A random variable, typically denoted as X, is a variable whose possible values are outcomes of a random process. There are two types of random variables: discrete and continuous.
Discrete Random Variables
A discrete random variable is a variable which can take on only a countable number of distinct values like 0, 1, 2, 3, 4, 5…100, 1 million, etc. Some examples of discrete random variables include:
- The number of times a coin lands on tails after being flipped 20 times.
- The number of times a dice lands on the number 4 after being rolled 100 times.
- The number of defective widgets in a box of 50 widgets.
A probability distribution for a discrete random variable tells us the probability that the random variable takes on certain values.
For example, suppose we roll a fair die one time. If we let X denote the probability that the die lands on a certain number, then the probability distribution can be written as:
- P(X=1): 1/6
- P(X=2): 1/6
- P(X=3): 1/6
- P(X=4): 1/6
- P(X=5): 1/6
- P(X=6): 1/6
Note:
For a probability distribution to be valid, it must satisfy the following two criteria:
1. The probability for each outcome must be between 0 and 1.
2. The sum of all of the probabilities must add up to 1.
Notice that the probability distribution for the die roll satisfies both of these criteria:
1. The probability for each outcome is between 0 and 1.
2. The sum of all of the probabilities add up to 1.
We can use a histogram to visualize the probability distribution:
A cumulative probability distribution for a discrete random variable tells us the probability that the variable takes on a value equal to or less than some value.
For example, the cumulative probability distribution for a die roll would look like:
- P(X≤1): 1/6
- P(X≤2): 2/6
- P(X≤3): 3/6
- P(X≤4): 4/6
- P(X≤5): 5/6
- P(X≤6): 6/6
The probability that the die lands on a one or less is simply 1/6, since it can’t land on a number less than one.
The probability that it lands on a two or less is P(X=1) + P(X=2) = 1/6 + 1/6 = 2/6.
Similarly, the probability that it lands on a three or less is P(X=1) + P(X=2) + P(X=3) = 1/6 + 1/6 + 1/6 = 3/6, and so on.
We can also use a histogram to visualize the cumulative probability distribution:
Continuous Random Variables
A continuous random variable is a variable which can take on an infinite number of possible values. Some examples of continuous random variables include:
- Weight of an animal
- Height of a person
- Time required to run a marathon
For example, the height of a person could be 60.2 inches, 65.2344 inches, 70.431222 inches, etc. There are an infinite amount of possible values for height.
Rule of Thumb:
If you can count the number of outcomes, then you are working with a discrete random variable – e.g. counting the number of times a coin lands on heads.
But if you can measure the outcome, you are working with a continuous random variable – e.g. measuring height, weight, time, etc.

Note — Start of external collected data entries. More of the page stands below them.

lemma kramers_scalar:
  assumes P: "orth_proj N P" and trP: "trace P = 2"
    and Yc: "Y \<in> carrier_mat N N" and Yr: "conj_mat Y = Y" and Ysq: "Y * Y = - 1\<^sub>m N"
    and Yu: "adj Y * Y = 1\<^sub>m N"
    and PT: "conj_mat P * Y = Y * P"
    and Bc: "B \<in> carrier_mat N N" and Bh: "adj B = B" and BP: "B * P = B" and PB: "P * B = B"
    and BT: "conj_mat B * Y = Y * B"
  shows "\<exists>l::real. B = complex_of_real l \<cdot>\<^sub>m P"
proof -
  have Pc: "P \<in> carrier_mat N N" using P unfolding orth_proj_def by auto
  obtain w where w: "\<And>i. i < N \<Longrightarrow> mat_app P w i = w i" and ww: "cinner N w w = 1"
    and wv: "cinner N w (conj_app Y w) = 0"
    and Pdec: "P = outer N w w + outer N (conj_app Y w) (conj_app Y w)"
    using kramers_pair[OF P trP Yc Yr Ysq Yu PT] by blast
  define v where "v = conj_app Y w"
  define Bw where "Bw = mat_app B w"
  define a where "a = cinner N w Bw"
  define b where "b = cinner N v Bw"
  have BTw: "mat_app B v i = conj_app Y Bw i" if i: "i < N" for i
    unfolding v_def Bw_def using mat_app_conj_app_commute[OF Bc Yc BT i] .
  have Bw_dec: "Bw i = a * w i + b * v i" if i: "i < N" for i
  proof -
    have "Bw i = mat_app (P * B) w i" unfolding PB Bw_def ..
    also have "\<dots> = mat_app P Bw i" unfolding Bw_def using Pc Bc i by (simp add: mat_app_mult[of _ N])
    also have "\<dots> = a * w i + b * v i"
      unfolding Pdec v_def[symmetric] a_def b_def mat_app_def cinner_def using i
      by (simp add: sum_distrib_left sum.distrib distrib_left ac_simps)
    finally show ?thesis .
  qed
  have b0: "b = 0"
    unfolding b_def v_def Bw_def by (rule cinner_conj_app_hermitian_eq_0[OF Yc Yr Ysq Yu Bc Bh BT])
  have a_real: "cnj a = a"
  proof -
    have "a = cinner N (mat_app (adj B) w) w" unfolding a_def Bw_def using cinner_mat_app[OF Bc] by simp
    also have "\<dots> = cnj a" unfolding Bh a_def Bw_def by (rule cinner_commute)
    finally show ?thesis by simp
  qed
  have Bw': "Bw i = a * w i" if "i < N" for i using Bw_dec[OF that] b0 by simp
  have Bv': "mat_app B v i = a * v i" if i: "i < N" for i
  proof -
    have "mat_app B v i = conj_app Y (\<lambda>k. a * w k) i" using BTw[OF i] Yc Bw' by (auto intro: conj_app_cong)
    also have "\<dots> = a * v i" unfolding conj_app_scale v_def a_real ..
    finally show ?thesis .
  qed
  have "B = B * outer N w w + B * outer N v v" using BP Pdec Bc by (metis mult_add_distrib_mat outer_carrier v_def)
  also have "\<dots> = a \<cdot>\<^sub>m P"
    unfolding mult_outer[OF Bc] Pdec v_def[symmetric]
    using Bw' Bv' by (intro eq_matI) (auto simp: Bw_def distrib_left mat_app_def[symmetric])
  finally have "B = complex_of_real (Re a) \<cdot>\<^sub>m P"
    using a_real by (metis Reals_cnj_iff complex_is_Real_iff of_real_Re)
  then show ?thesis by blast
qed

lemma qbit_less_2 [simp]: "qbit j a < 2"
  unfolding qbit_def by simp

lemma less_2_cases: "a < (2::nat) \<Longrightarrow> a = 0 \<or> a = 1"
  by auto

lemma qbit_below_pow2: "a < 2 ^ n \<Longrightarrow> qbit n a = 0"
  unfolding qbit_def by simp

lemma qbit_top_pow2_add: "a < 2 ^ n \<Longrightarrow> qbit n (2 ^ n + a) = 1"
  unfolding qbit_def by simp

A probability distribution for a continuous random variable tells us the probability that the random variable takes on certain values. However, unlike a probability distribution for discrete random variables, a probability distribution for a continuous random variable can only be used to tell us the probability that the variable takes on a range of values.
For example, suppose we want to know the probability that a burger from a particular restaurant weighs a quarter-pound (0.25 lbs). Since weight is a continuous variable, it can take on an infinite number of values.
For example, a given burger might actually weight 0.250001 pounds, or 0.24 pounds, or 0.2488 pounds. The probability that a given burger weights exactly .25 pounds is essentially zero.
Thus, we could only use a probability distribution to tell us the probability that a burger weighs less than 0.25 lbs, more than 0.25 lbs, or between some range (e.g between .23 lbs and .27 lbs).